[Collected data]
lemma opt_sw_pos: "common_game n S u \<Longrightarrow> opt_sw n S u > 0"
proof -
  assume game: "common_game n S u"
  then obtain s where "s \<in> profiles n S" "u s > 0"
    using common_game_obtains_maximizer by blast
  moreover have "n \<ge> 1" using game by (simp add: common_game_def)
  ultimately have "0 < sw n u s" by (simp add: sw_eq_mult)
  also have "sw n u s \<le> opt_sw n S u"
    unfolding opt_sw_def using \<open>s \<in> profiles n S\<close> common_game_finite_profiles[OF game]
    by (intro Max_ge) auto
  finally show ?thesis .
qed

lemma PoS_eq_1: "common_game n S u \<Longrightarrow> PoS n S u = 1"
  unfolding PoS_def using Max_sw_eq_opt_sw[OF _ order.refl NE_subset_profiles] opt_sw_pos
  by (metis less_irrefl divide_self)

lemma PoTS_eq_1: "common_game n S u \<Longrightarrow> PoTS n S u = 1"
  unfolding PoTS_def using Max_sw_eq_opt_sw[OF _ NE_subset_TNE TNE_subset_profiles] opt_sw_pos
  by (metis less_irrefl divide_self)

lemma PoTA_le_PoSTA:
  assumes game: "common_game n S u" and "STNE n S u \<noteq> {}"
  shows "PoTA n S u \<le> PoSTA n S u"
proof -
  have "finite (TNE n S u)"
    using finite_subset[OF TNE_subset_profiles common_game_finite_profiles[OF game]] .
  then have "Min (sw n u ` TNE n S u) \<le> Min (sw n u ` STNE n S u)"
    using assms(2) by (intro Min_antimono image_mono STNE_subset_TNE) auto
  then show ?thesis
    unfolding PoTA_def PoSTA_def using opt_sw_pos[OF game] by (simp add: divide_right_mono)
qed

definition binary :: "nat \<Rightarrow> nat set" where
  "binary i = {0, 1}"

text \<open>Profiles are extensional functions, hence the value undefined off the two players.\<close>

definition pair_profile :: "nat \<Rightarrow> nat \<Rightarrow> nat \<Rightarrow> nat" where
  "pair_profile a b = (\<lambda>k. undefined)(0 := a, 1 := b)"

definition coordination :: "real \<Rightarrow> (nat \<Rightarrow> nat) \<Rightarrow> real" where
  "coordination e s = (if s 0 = s 1 then if s 0 = 0 then 1 else e else 0)"

lemma pair_profile_simps [simp]:
  "pair_profile a b 0 = a" "pair_profile a b 1 = b" "pair_profile a b (Suc 0) = b"
  "(pair_profile a b)(0 := c) = pair_profile c b"
  "(pair_profile a b)(1 := c) = pair_profile a c" "(pair_profile a b)(Suc 0 := c) = pair_profile a c"
  by (auto simp: pair_profile_def fun_eq_iff)

lemma pair_profile_in_profiles: "a \<in> {0, 1} \<Longrightarrow> b \<in> {0, 1} \<Longrightarrow> pair_profile a b \<in> profiles 2 binary"
  unfolding profiles_def PiE_def extensional_def binary_def
  by (auto simp: pair_profile_def less_2_cases_iff)

lemma finite_profiles_binary: "finite (profiles 2 binary)"
  unfolding profiles_def binary_def by (intro finite_PiE) auto

lemma coordination_common_game:
  assumes "0 \<le> e" shows "common_game 2 binary (coordination e)"
proof -
  have "coordination e (pair_profile 0 0) \<le> Max (coordination e ` profiles 2 binary)"
    using finite_profiles_binary pair_profile_in_profiles[of 0 0] by (intro Max_ge) auto
  then show ?thesis
    unfolding common_game_def using assms by (simp add: binary_def coordination_def)
qed

lemma opt_sw_coordination:
  assumes "e \<le> 1" shows "opt_sw 2 binary (coordination e) = 2"
  unfolding opt_sw_def using assms finite_profiles_binary pair_profile_in_profiles[of 0 0]
  by (intro Max_eqI) (auto simp: sw_eq_mult coordination_def intro: rev_image_eqI)

lemma diagonal_in_NE_coordination:
  assumes "0 \<le> e" "a \<in> {0, 1}" shows "pair_profile a a \<in> NE 2 binary (coordination e)"
  unfolding NE_def using assms pair_profile_in_profiles[of a a]
  by (auto simp: less_2_cases_iff binary_def coordination_def)

lemma NE_coordination_diagonal:
  assumes "0 < e" "s \<in> NE 2 binary (coordination e)" shows "s 0 = s 1"
proof (rule ccontr)
  assume off_diagonal: "s 0 \<noteq> s 1"
  have "s \<in> profiles 2 binary" using assms(2) NE_subset_profiles by blast
  then have "s 1 \<in> binary 1" unfolding profiles_def by (rule PiE_mem) simp
  then have "s 1 \<in> binary 0" by (simp add: binary_def)
  then have "coordination e (s(0 := s 1)) \<le> coordination e s"
    using assms(2) unfolding NE_def by auto
  with off_diagonal assms(1) show False by (auto simp: coordination_def split: if_splits)
qed

lemma PoA_coordination:
  assumes "0 < e" "e \<le> 1" shows "PoA 2 binary (coordination e) = e"
proof -
  have "finite (NE 2 binary (coordination e))"
    using finite_subset[OF NE_subset_profiles finite_profiles_binary] .
  moreover have "sw 2 (coordination e) (pair_profile 1 1) \<le> sw 2 (coordination e) s"
    if "s \<in> NE 2 binary (coordination e)" for s
    using NE_coordination_diagonal[OF assms(1) that] assms by (simp add: sw_eq_mult coordination_def)
  ultimately have "Min (sw 2 (coordination e) ` NE 2 binary (coordination e))
      = sw 2 (coordination e) (pair_profile 1 1)"
    using diagonal_in_NE_coordination[of e 1] assms(1) by (intro Min_eqI) auto
  then show ?thesis
    unfolding PoA_def opt_sw_coordination[OF assms(2)] by (simp add: sw_eq_mult coordination_def)
qed

lemma BR_coordination:
  assumes "0 < e" "a \<in> {0, 1}" "b \<in> {0, 1}"
  shows "BR binary (coordination e) 0 (pair_profile a b) = {b}"
    and "BR binary (coordination e) 1 (pair_profile a b) = {a}"
  using assms unfolding BR_def binary_def coordination_def by auto

lemma miscoordination_in_STNE:
  assumes "0 < e" shows "pair_profile 0 1 \<in> STNE 2 binary (coordination e)"
proof -
  have "pair_profile 0 1 \<in> TNE 2 binary (coordination e)"
    unfolding TNE_def
  proof (intro CollectI conjI allI impI pair_profile_in_profiles)
    fix i :: nat assume "i < 2"
    then show "\<exists>d\<in>NE 2 binary (coordination e). pair_profile 0 1 i = d i"
      using diagonal_in_NE_coordination[of e i] assms
      by (intro bexI[of _ "pair_profile i i"]) (auto simp: less_2_cases_iff)
  qed simp_all
  then show ?thesis
    unfolding STNE_def using BR_coordination[OF assms] by (auto simp: less_2_cases_iff)
qed

lemma PoSTA_coordination:
  assumes "0 < e" shows "PoSTA 2 binary (coordination e) = 0"
proof -
  have "finite (STNE 2 binary (coordination e))"
    using finite_subset[OF STNE_subset_TNE finite_subset[OF TNE_subset_profiles finite_profiles_binary]] .
  then have "Min (sw 2 (coordination e) ` STNE 2 binary (coordination e)) = 0"
    using miscoordination_in_STNE[OF assms] assms
    by (intro Min_eqI) (auto simp: sw_eq_mult coordination_def intro: rev_image_eqI)
  then show ?thesis by (simp add: PoSTA_def)
qed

> **Work request**: If a line of the records includes the string "blast", copy it out.

> **Written response**:
    using common_game_obtains_maximizer by blast
  have "s \<in> profiles 2 binary" using assms(2) NE_subset_profiles by blast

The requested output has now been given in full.